Market Holds in Face of Tariff Rumblings
Cotton prices fought the battle with volatility all week, but settled higher as both the old crop May and July contracts settled above 82 cents. The new crop December contract traded above 78 cents, but settled the week at 77.94 cents.
Fundamentals remained much the same as the prior two months – very strong export sales and even stronger shipments, coupled with active on-call sales. Yet, on-call sales across all futures contracts declined during the week due to heavy fixations on the May contract. Mills were very active. As a result, on-call sales fell for the first time since February 9.

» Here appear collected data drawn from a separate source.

lemma proper_face_of_limit_polytope_approx:
  fixes X :: "'b \<Rightarrow> 'c \<Rightarrow> 'a::euclidean_space"
  assumes I: "finite I"
    and lim: "\<And>i. i \<in> I \<Longrightarrow> ((\<lambda>t. X t i) \<longlongrightarrow> x0 i) F"
    and G: "G face_of convex hull (x0 ` I)" "G \<noteq> convex hull (x0 ` I)"
    and y: "y \<in> G" and \<delta>: "\<delta> > 0"
  shows "eventually (\<lambda>t. \<exists>H. H face_of convex hull (X t ` I) \<and> H \<noteq> convex hull (X t ` I) \<and>
           (\<exists>q\<in>H. dist q y < \<delta>)) F"
proof -
  obtain c b where cI: "\<forall>i\<in>I. c \<bullet> x0 i \<le> b" and cG: "\<forall>w\<in>G. c \<bullet> w = b"
    and "\<exists>i\<in>I. c \<bullet> x0 i < b"
    using proper_face_of_convex_hull_exposed[OF finite_imageI[OF I] G] by auto
  then obtain k where k: "k \<in> I" "c \<bullet> x0 k < b" by blast
  have yhull: "y \<in> convex hull (x0 ` I)" using y G(1) face_of_imp_subset by blast
  obtain u where u0: "\<forall>i\<in>I. 0 \<le> u i" and u1: "sum u I = 1" and uy: "(\<Sum>i\<in>I. u i *\<^sub>R x0 i) = y"
    using convex_hull_image_weights[OF I yhull] by blast
  define z where "z t = (\<Sum>i\<in>I. u i *\<^sub>R X t i)" for t
  define \<eta> where "\<eta> = b - c \<bullet> x0 k"
  define s where "s = \<delta> / (4 * (norm (y - x0 k) + 1))"
  define p where "p t = z t + s *\<^sub>R (z t - X t k)" for t
  have \<eta>: "\<eta> > 0" using k by (simp add: \<eta>_def)
  have s: "s > 0" using \<delta> by (simp add: s_def add_nonneg_pos)
  have s_small: "s * norm (y - x0 k) < \<delta> / 4"
  proof -
    have pos: "norm (y - x0 k) + 1 > 0" by (simp add: add_nonneg_pos)
    have "s * norm (y - x0 k) < s * (norm (y - x0 k) + 1)" using s by simp
    also have "\<dots> = \<delta> / 4" unfolding s_def using pos by (simp add: field_simps)
    finally show ?thesis .
  qed
  have lim_z: "(z \<longlongrightarrow> y) F"
    unfolding z_def uy[symmetric] by (intro tendsto_intros lim)
  have "eventually (\<lambda>t. dist (z t) y < \<delta> / 2) F" using \<delta> by (intro tendstoD[OF lim_z]) simp
  moreover have "eventually (\<lambda>t. s * norm (z t - X t k) < \<delta> / 4) F"
  proof (rule order_tendstoD(2)[OF _ s_small])
    show "((\<lambda>t. s * norm (z t - X t k)) \<longlongrightarrow> s * norm (y - x0 k)) F"
      using k(1) by (intro tendsto_intros lim_z lim)
  qed
  moreover have "eventually (\<lambda>t. \<forall>i\<in>I. c \<bullet> X t i < b + s * \<eta> / 2) F"
  proof (intro eventually_ball_finite[OF I] ballI)
    fix i assume i: "i \<in> I"
    have "((\<lambda>t. c \<bullet> X t i) \<longlongrightarrow> c \<bullet> x0 i) F" using i by (intro tendsto_intros lim)
    moreover have "c \<bullet> x0 i < b + s * \<eta> / 2"
      using bspec[OF cI i] mult_pos_pos[OF s \<eta>] by linarith
    ultimately show "eventually (\<lambda>t. c \<bullet> X t i < b + s * \<eta> / 2) F" by (rule order_tendstoD(2))
  qed
  moreover have "eventually (\<lambda>t. b + s * \<eta> / 2 < c \<bullet> p t) F"
  proof (rule order_tendstoD(1))
    show "((\<lambda>t. c \<bullet> p t) \<longlongrightarrow> c \<bullet> (y + s *\<^sub>R (y - x0 k))) F"
      unfolding p_def using k(1) by (intro tendsto_intros lim_z lim)
    have "c \<bullet> (y + s *\<^sub>R (y - x0 k)) = b + s * \<eta>"
      using cG y by (simp add: \<eta>_def inner_add_right inner_diff_right)
    then show "b + s * \<eta> / 2 < c \<bullet> (y + s *\<^sub>R (y - x0 k))" using s \<eta> by simp
  qed
  ultimately show ?thesis
  proof eventually_elim
    case (elim t)
    have z: "z t \<in> convex hull (X t ` I)"
      unfolding z_def by (rule convex_sum) (auto simp: I u0 u1 hull_inc)
    have "\<forall>w\<in>X t ` I. c \<bullet> w < b + s * \<eta> / 2" using elim(3) by blast
    then obtain H q where H: "H face_of convex hull (X t ` I)" "H \<noteq> convex hull (X t ` I)" "q \<in> H"
      and qz: "dist q (z t) \<le> 2 * s * norm (z t - X t k)"
      using convex_hull_proper_face_near_pushed_point[OF finite_imageI[OF I] z imageI[OF k(1)]
          less_imp_le[OF s] _ elim(4)[unfolded p_def]] by blast
    have "dist q y < \<delta>" using qz elim(1,2) dist_triangle[of q y "z t"] by linarith
    with H show ?case by blast
  qed
qed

With just two weeks remaining before first notice day for the May futures contract, on-call sales will likely continue to decrease, as those positions must either be liquated or rolled to the July contract before first notice day.
Yet, uncertainty crimped market activity as all trading was fixated on impending tariffs in the U.S.-China tit-for-tat conversation. No new tariff restrictions are in force between China and the U.S., and none are expected in the coming three months – nor are any contemplated in the coming three months. Yet, the mere suggested action by either country gives speculative fund managers a case of nerves and increases market volatility.
World consumption continues to support prices, and the both the May and July contracts should continue to trade the 80-85 cent trading range. The May contract could receive a slight boost as a stronger taker of certificated stocks is expected to surface. The stocks are needed for export requirements. Weekly export sales registered a net of 367,600 RB of upland and 10,800 RB of Pima. Another 48,300 RB of upland were sold for 2018-19 marketing year delivery.
Vietnam continues as the leading buyer, as expected. However, Brazil was a buyer again on the week. Brazil is a major competitor with the U.S. in the world export market. The fact that Brazil is buying from the U.S. supports the fact that Brazil does not have any excess supply and must replace any bale it exports with purchases from the U.S. to satisfy its domestic mill needs. Too, it should be noted that India was again in the market for U.S. origin supplies.
Shipments were even more impressive, with 452,400 RB of upland exported and a marketing year high of 28.600 RB of Pima. Thus, total exports on the week were 481,000 bales. That pace has gone on now for the past four weeks. USDA is expected to increase its annual export estimate as much as 600,000 bales in the April world supply demand report. The current estimate is 14.8 million bales. Before the year is out, the U.S. will likely export in excess of 16 million bales. Given the improvement in domestic U.S. consumption, U.S. year-ending stocks will likely fall from the current estimated 5.0 million bales to as low as 3.8-4.2 million bales. Thus, export demand will continue to support prices in the low-to-mid 80s. The new crop December will be pulled higher by upward pressure on the May and July. However, December futures will be very sensitive to precipitation outlook for the Texas Plains.
The Chinese domestic auction has been slower than in the prior two years, but the government previously announced that offerings would be of lower grade. Given this situation, sales have been actually rather robust, but also heightens the necessity for Chinese mills to import more quality cotton. Thus, the Chinese demand factor continues to provide price support to the market.
Look for the April world supply demand report to be friendly for cotton. World consumption should be higher, and world ending stocks should fall. Most expect the U.S. crop will be lowered, but USDA seems to want to delay any changes until the June report.